Galdós llega a Madrid
Galdós acepta su propia vida, su propio yo, desde que pisa Madrid
Cuando Benitín llegó a Madrid llevaba en las maletas, a partes iguales o entre los huecos de sus calcetines, el miedo a lo desconocido y el ansia por liberarse de sus traumas familiares como el último dentro de una estirpe con 10 hijos. Probablemente él ya llevara en mente un plan de vida trazado como escritor y quisiera dejar atrás su infancia de niño enfermizo con 19 años cumplidos. Pero, en principio, se trasladó a la capital desde Las Palmas de Gran Canaria para estudiar Derecho en la Universidad Central.

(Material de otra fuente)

lemma expectation_bind_pmf_finite:
  fixes f :: "'b \<Rightarrow> real"
  assumes fin: "finite (set_pmf (M \<bind> N))"
  shows "measure_pmf.expectation (M \<bind> N) f =
         measure_pmf.expectation M (\<lambda>x. measure_pmf.expectation (N x) f)"
proof -
  define S where "S = set_pmf (M \<bind> N)"
  define g where "g = (\<lambda>y. if y \<in> S then f y else 0)"
  have "\<bar>g y\<bar> \<le> (\<Sum>y\<in>S. \<bar>f y\<bar>)" for y
    using fin by (auto simp: g_def S_def intro!: member_le_sum sum_nonneg)
  then have "measure_pmf.expectation (M \<bind> N) g =
             measure_pmf.expectation M (\<lambda>x. measure_pmf.expectation (N x) g)"
    by (rule expectation_bind_pmf_bounded)
  moreover have "measure_pmf.expectation (M \<bind> N) f = measure_pmf.expectation (M \<bind> N) g"
    by (intro integral_cong_AE AE_pmfI) (auto simp: g_def S_def)
  moreover have "measure_pmf.expectation M (\<lambda>x. measure_pmf.expectation (N x) g) =
                 measure_pmf.expectation M (\<lambda>x. measure_pmf.expectation (N x) f)"
    by (intro integral_cong_AE AE_pmfI) (auto simp: g_def S_def intro!: integral_cong_AE AE_pmfI)
  ultimately show ?thesis by simp
qed

lemma measure_cond_pmf:
  assumes "measure_pmf.prob P X > 0"
  shows "measure_pmf.prob (cond_pmf P X) B = measure_pmf.prob P (X \<inter> B) / measure_pmf.prob P X"
proof -
  have ne: "set_pmf P \<inter> X \<noteq> {}"
    using assms measure_pmf_zero_iff[of P X] by auto
  show ?thesis
    unfolding cond_pmf.rep_eq[OF ne]
    using assms by (subst measure_uniform_measure) (auto simp: measure_pmf.emeasure_eq_measure)
qed

lemma cond_pmf_eq_self:
  assumes "set_pmf P \<subseteq> X"
  shows "cond_pmf P X = P"
proof (rule pmf_eqI)
  fix x
  have "measure_pmf.prob P X = 1"
    using assms by (simp add: measure_pmf.prob_eq_1 AE_measure_pmf_iff subset_eq)
  moreover have "set_pmf P \<inter> X \<noteq> {}"
    using assms set_pmf_not_empty[of P] by blast
  ultimately show "pmf (cond_pmf P X) x = pmf P x"
    using assms by (auto simp: pmf_cond set_pmf_eq)
qed

lemma bernoulli_pmf_1: "bernoulli_pmf 1 = return_pmf True"
  by (rule pmf_eqI) (auto simp: indicator_def)

lemma bind_pmf_if_mem:
  fixes P :: "'a pmf" and X :: "'a set" and Q :: "'a \<Rightarrow> 'b pmf"
  defines "p \<equiv> measure_pmf.prob P X"
  assumes "p > 0"
  shows "P \<bind> (\<lambda>z. if z \<in> X then Q z else R) =
         bernoulli_pmf p \<bind> (\<lambda>b. if b then cond_pmf P X \<bind> Q else R)"
proof (cases "p = 1")
  case True
  then have "measure_pmf.prob P (- X) = 0"
    using measure_pmf.prob_compl[of X P] by (simp add: Compl_eq_Diff_UNIV p_def)
  then have sub: "set_pmf P \<subseteq> X"
    using measure_pmf_zero_iff[of P "- X"] by auto
  then have "P \<bind> (\<lambda>z. if z \<in> X then Q z else R) = P \<bind> Q"
    by (intro bind_pmf_cong) auto
  then show ?thesis
    using True sub by (simp add: bernoulli_pmf_1 cond_pmf_eq_self bind_return_pmf)
next
  case False
  then have p1: "p < 1"
    using measure_pmf.prob_le_1[of P X] unfolding p_def by linarith
  have compl: "measure_pmf.prob P (- X) = 1 - p"
    using measure_pmf.prob_compl[of X P] by (simp add: Compl_eq_Diff_UNIV p_def)
  have ne: "set_pmf P \<inter> X \<noteq> {}" "set_pmf P \<inter> - X \<noteq> {}"
    using measure_pmf_zero_iff[of P X] measure_pmf_zero_iff[of P "- X"] assms p1 compl
    by (auto simp: p_def)
  have split: "P = bernoulli_pmf p \<bind> (\<lambda>b. if b then cond_pmf P X else cond_pmf P (- X))"
    using assms p1 compl
    by (intro pmf_eqI) (simp add: pmf_bind pmf_cond[OF ne(1)] pmf_cond[OF ne(2)] p_def)
  have "cond_pmf P (- X) \<bind> (\<lambda>z. if z \<in> X then Q z else R) = R"
    by (subst bind_pmf_cong[where g = "\<lambda>_. R"]) (auto simp: set_cond_pmf[OF ne(2)])
  moreover have "cond_pmf P X \<bind> (\<lambda>z. if z \<in> X then Q z else R) = cond_pmf P X \<bind> Q"
    by (intro bind_pmf_cong) (auto simp: set_cond_pmf[OF ne(1)])
  ultimately show ?thesis
    by (subst split) (auto simp: bind_assoc_pmf intro!: bind_pmf_cong)
qed

lemma map_filter_replicate_pmf:
  fixes P :: "'a pmf" and X :: "'a set"
  defines "p \<equiv> measure_pmf.prob P X"
  assumes "p > 0"
  shows "map_pmf (filter (\<lambda>z. z \<in> X)) (replicate_pmf M P) =
         binomial_pmf M p \<bind> (\<lambda>k. replicate_pmf k (cond_pmf P X))"
proof (induction M)
  case 0
  then show ?case by (simp add: binomial_pmf_0 bind_return_pmf p_def)
next
  case (Suc M)
  define C where "C = cond_pmf P X"
  define R where "R = binomial_pmf M p \<bind> (\<lambda>k. replicate_pmf k C)"
  have p01: "p \<in> {0..1}" by (simp add: p_def)
  have "map_pmf (filter (\<lambda>z. z \<in> X)) (replicate_pmf (Suc M) P) =
        P \<bind> (\<lambda>z. map_pmf (if z \<in> X then Cons z else id)
                              (map_pmf (filter (\<lambda>z. z \<in> X)) (replicate_pmf M P)))"
    by (auto simp: map_bind_pmf map_pmf_def[symmetric] pmf.map_comp o_def
             intro!: bind_pmf_cong pmf.map_cong)
  also have "\<dots> = P \<bind> (\<lambda>z. if z \<in> X then map_pmf (Cons z) R else R)"
    using Suc by (intro bind_pmf_cong) (auto simp: R_def C_def)
  also have "\<dots> = bernoulli_pmf p \<bind> (\<lambda>b. if b then C \<bind> (\<lambda>z. map_pmf (Cons z) R) else R)"
    using \<open>p > 0\<close> unfolding C_def p_def by (rule bind_pmf_if_mem)
  also have "\<dots> = binomial_pmf (Suc M) p \<bind> (\<lambda>k. replicate_pmf k C)"
    by (auto simp: binomial_pmf_Suc[OF p01] R_def map_bind_pmf map_pmf_def bind_assoc_pmf
                   bind_return_pmf intro!: bind_pmf_cong intro: bind_commute_pmf)
  finally show ?case unfolding C_def .
qed

lemma expectation_binomial_pmf_Suc:
  fixes f :: "nat \<Rightarrow> real"
  assumes p: "p \<in> {0..1}"
  shows "measure_pmf.expectation (binomial_pmf (Suc M) p) f =
         p * measure_pmf.expectation (binomial_pmf M p) (\<lambda>k. f (Suc k)) +
         (1 - p) * measure_pmf.expectation (binomial_pmf M p) f"
proof -
  have fin: "finite (set_pmf (binomial_pmf (Suc M) p))"
    using p by auto
  have "measure_pmf.expectation (binomial_pmf (Suc M) p) f =
        measure_pmf.expectation (bernoulli_pmf p) (\<lambda>b. measure_pmf.expectation
          (map_pmf (\<lambda>k. (if b then 1 else 0) + k) (binomial_pmf M p)) f)"
    using fin unfolding binomial_pmf_Suc[OF p] map_pmf_def by (rule expectation_bind_pmf_finite)
  then show ?thesis
    using p by simp
qed

lemma expectation_binomial_pmf_real:
  assumes "p \<in> {0..1}"
  shows "measure_pmf.expectation (binomial_pmf M p) real = M * p"
proof (induction M)
  case 0
  then show ?case using assms by (simp add: binomial_pmf_0)
next
  case (Suc M)
  then show ?case
    using assms by (simp add: expectation_binomial_pmf_Suc Bochner_Integration.integral_add
                              algebra_simps)
qed

lemma expectation_binomial_pmf_square:
  assumes "p \<in> {0..1}"
  shows "measure_pmf.expectation (binomial_pmf M p) (\<lambda>k. (real k)\<^sup>2) = M * p * (1 - p) + (M * p)\<^sup>2"
proof (induction M)
  case 0
  then show ?case using assms by (simp add: binomial_pmf_0)
next
  case (Suc M)
  have "(\<lambda>k. (real (Suc k))\<^sup>2) = (\<lambda>k. (real k)\<^sup>2 + (2 * real k + 1))"
    by (auto simp: power2_eq_square algebra_simps)
  then show ?case
    using Suc assms
    by (simp add: expectation_binomial_pmf_Suc expectation_binomial_pmf_real
                  Bochner_Integration.integral_add del: of_nat_Suc)
       (simp add: algebra_simps power2_eq_square)
qed

lemma variance_binomial_pmf:
  assumes "p \<in> {0..1}"
  shows "measure_pmf.variance (binomial_pmf M p) real = M * p * (1 - p)"
  using assms
  by (subst measure_pmf.variance_eq)
     (auto simp: expectation_binomial_pmf_real expectation_binomial_pmf_square)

El primer viaje fue una odisea perfecta para agudizar su sentido de observación. Partió de Tenerife en barco hasta Cádiz en una travesía que duró tres días. Después, tren hasta Sevilla y Córdoba, diligencia por tierras manchegas, que le sorprendieron por su inmensidad horizontal, dijo. En Alcázar de San Juan volvió a tomar el último ferrocarril ya hasta Madrid.
No le debió molestar el traqueteo porque a partir de ahí no dejó de viajar compulsivamente por toda España y Europa –que conoció al dedillo– para sentirse un autor abierto a su tiempo. Debía pesar mucho en él cierto trauma insular. Apenas regresó a Canarias y no le costó transmutar su identidad para hacerla compatible– fundirse y repelerse al tiempo- con la búsqueda de una manera de ser cosmopolita.
En Memorias de un desmemoriado –más un fiable cuaderno de viajes que una autobiografía con sentido, uno de sus peores y más decepcionantes libros, de hecho- despacha sus años de niñez con una frase de cumplido y en buena parte fingida: “Omito lo referente a mi infancia, que carece de interés o se diferencia poco de otras de chiquillos o de bachilleres aplicaditos”.
Fue testigo de la transformación populosa de la ciudad. Cuando llegó, contaba con 300.000 habitantes. Al morir, sobrepasaba el medio millón
Mentía, cómo no. Sencillamente, no quería mirarse en el espejo. Puede que por no volver a ver a su madre, doña Dolores, que le provocaba pavor y llevaba las riendas de la casa con más firmeza que su padre, Sebastián, militar. Puede también que por no observarse a sí mismo como la criatura mimada que, por qué no, luego le proporcionó el cuajo emocional suficiente para convertirse en escritor. Todo son dudas en ese capítulo. Todo evasivas.
Galdós, de hecho, acepta su propia vida, su propio yo, desde que pisa Madrid. Fue testigo de la transformación populosa de la ciudad. Cuando llegó, contaba con 300.000 habitantes. Al morir, sobrepasaba el medio millón, comenta Francisco Canovas Sánchez en su biografía sobre el autor (Alianza). El joven Benito, ya nunca más quiso que le llamaran Benitín y comenzó a forjar una forma de rebeldía. Hace novillos ya de entrada en la Universidad: gandulea, dice, por el gozo de observar la vida bulliciosa e ingente de la ciudad que con los años inmortalizó para siempre.
En esa época aprende aceptar al muchacho que ha roto lazos y al joven comprometido que se topa en las vías con sangre derramada de estudiantes e insurgentes a causa de motines y fusilamientos, como los que describe tras la noche de San Daniel, en 1865 o más adelante, un año después, con la sublevación del cuartel San Gil. “Madrid era un infierno”, cuenta. Buena excusa para buscarle las esquinas al paraíso, por tanto.
Al tiempo, tomó conciencia –y partido- por la transformación radical de una sociedad que siempre consideró injusta, desarticulada, desigual y atada a dinámicas atávicas perniciosas. Se alojó aquellos primeros meses en una pensión de la calle Fuentes, cercana a la Puerta del Sol. Desde allí frecuentaba los teatros –el Real y el Español, principalmente- y salía de farra con sus paisanos canarios. Así fue como comenzó a hacerse con las virtudes y los vicios del territorio para poblarlo de todas aquellas criaturas que alumbró y son el alma transida e inmortal de nosotros mismos.